Safely stepping onto the platform with a 360 degree view over the mystical Fibwe Forrest, a red tinge of sunrise touching the eastern horizon starts to make the spectacle clearer. Thousands and thousands upon thousands of Straw Coloured Fruit Bats (Eidolon helvum) swarm around you in the surrounding sky. At first it seems as if the trees around you have a textured layer of scales, but you soon realise with the dawning light, that it is actually bats that have already found their roosting spots and covered most trees like scaled armour.
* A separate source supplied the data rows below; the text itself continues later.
(* Let $\lambda>0$ and let $f(x)=ax^{\lambda}+b+\int_0^\infty\gamma(\lambda,xt)\,\frac{d\mu(t)}{t^{\lambda}}$, $x>0$, where $a,b\ge 0$ and $\mu$ is a positive measure on $(0,\infty)$ for which the integral converges for all $x>0$. For each positive integer $n$ define $$f_n(x)=ax^{\lambda}+b+\frac{\Gamma(\lambda+n)}{\Gamma(n)}\int_0^\infty B\Big(\lambda,n;\frac{x}{x+n/t}\Big)\frac{d\mu(t)}{t^{\lambda}}.$$ Then $f_n\in\mathcal T_{\lambda,1-n}$ for each $n$, and $\lim_{n\to\infty}f_n(x)=f(x)$ for all $x>0$.
   Context: $\gamma(\lambda,x)=\int_0^x e^{-t}t^{\lambda-1}\,dt$ is the incomplete gamma function and $B(a_1,a_2;u)=\int_0^u t^{a_1-1}(1-t)^{a_2-1}\,dt$ ($a_1>0$, $a_2\in\mathbb R$, $u\in[0,1)$) is the incomplete Beta function. A function $\varphi$ on $(0,\infty)$ is completely monotonic of order $\alpha$ if $x^{\alpha}\varphi(x)$ is completely monotonic. For $\lambda>0$ and $\alpha<\lambda+1$, $\mathcal T_{\lambda,\alpha}$ (the $(\lambda,\alpha)$-Thorin–Bernstein functions) is the class of functions of the form $f(x)=ax^{\lambda}+b+\int_0^\infty\gamma(\lambda,xt)\varphi(t)\,dt$ with $a,b\ge 0$ and $\varphi$ completely monotonic of order $\alpha$. *)

theory Defs
  imports "HOL-Analysis.Analysis"
begin

definition inc_gamma :: "real \<Rightarrow> real \<Rightarrow> real" where
  "inc_gamma lam x = (LBINT t=0..x. exp (- t) * t powr (lam - 1))"

definition inc_beta :: "real \<Rightarrow> real \<Rightarrow> real \<Rightarrow> real" where
  "inc_beta a1 a2 u = (LBINT t=0..u. t powr (a1 - 1) * (1 - t) powr (a2 - 1))"

definition completely_monotonic :: "(real \<Rightarrow> real) \<Rightarrow> bool" where
  "completely_monotonic \<phi> \<longleftrightarrow>
     (\<forall>k::nat. \<forall>x>0. (deriv ^^ k) \<phi> differentiable (at x)) \<and>
     (\<forall>k::nat. \<forall>x>0. (-1) ^ k * (deriv ^^ k) \<phi> x \<ge> 0)"

definition cm_order :: "real \<Rightarrow> (real \<Rightarrow> real) \<Rightarrow> bool" where
  "cm_order \<alpha> \<phi> \<longleftrightarrow> completely_monotonic (\<lambda>x. x powr \<alpha> * \<phi> x)"

definition thorin_bernstein :: "real \<Rightarrow> real \<Rightarrow> (real \<Rightarrow> real) set" where
  "thorin_bernstein lam \<alpha> = {f. \<exists>a b \<phi>. a \<ge> 0 \<and> b \<ge> 0 \<and> cm_order \<alpha> \<phi> \<and>
     (\<forall>x>0. set_integrable lborel {0<..} (\<lambda>t. inc_gamma lam (x * t) * \<phi> t) \<and>
            f x = a * x powr lam + b + (\<integral>t\<in>{0<..}. inc_gamma lam (x * t) * \<phi> t \<partial>lborel))}"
This is Kasanka National Park, located roughly in the centre of Zambia where you can experience this wonder once a year when the Musuku fruits, Uapaca sansibarica with various other fruiting trees, ripen and attract the bats from all over Central Tropical Africa for a fruity feast. Kasanka is not the only place where the Straw Coloured Fruit Bats gather, but it is the best place to view them.
As Kasanka is a National Park, expect to see unusual sightings such as the tip toeing Sitatunga antelope or ghost like elephants crossing a flooded plain on a misty morning. Fluffy Blue Monkeys jumping around in the upper canopy or the little seen Tree Hyrax screaming out its eerie territorial call.
Much research has been done on the mysterious flight paths of the Eidolon bats, and Jakob Fahr from the Max Planck Institute for Ornithology (Radolfzell, Germany) is in the process of analysing their findings from the 30 bats that were tagged during 2013/2014 and 2014/2015 bat migration. Bats made nightly sorties of between 4 and 55 km from the roost site to feed from the same tree every night. The information gathered from this research will be useful for determining the movement ecology, what drives the bats’ daily and seasonal movements and the importance of the bats as seed dispersal for wild fruit.
Visitors can partake in game drives, bush walks, boat trips and canoe trips or just enjoy the view from the beautiful Fibwe hide or Wasa viewing deck.
Kasanka provides various forms of accommodation from rustic camping for the whole family to staying in the Wasa or Luwombwa Lodge with meals and activities provided.
Coined as one of the greatest wildlife spectacles in Africa, if not the world, it is something that every Africa traveller should experience at least once.
In the afternoon your group is again perched on a spectacular site on one of the platforms, situated strategically around the forest perimeter. Watching with sundowners in hand, there is a marked purpose to the bats’ flight and as if a silent command has been given, the flight of the Valkyrie proceeds out of the forest to form millions of specs in the blood red sky.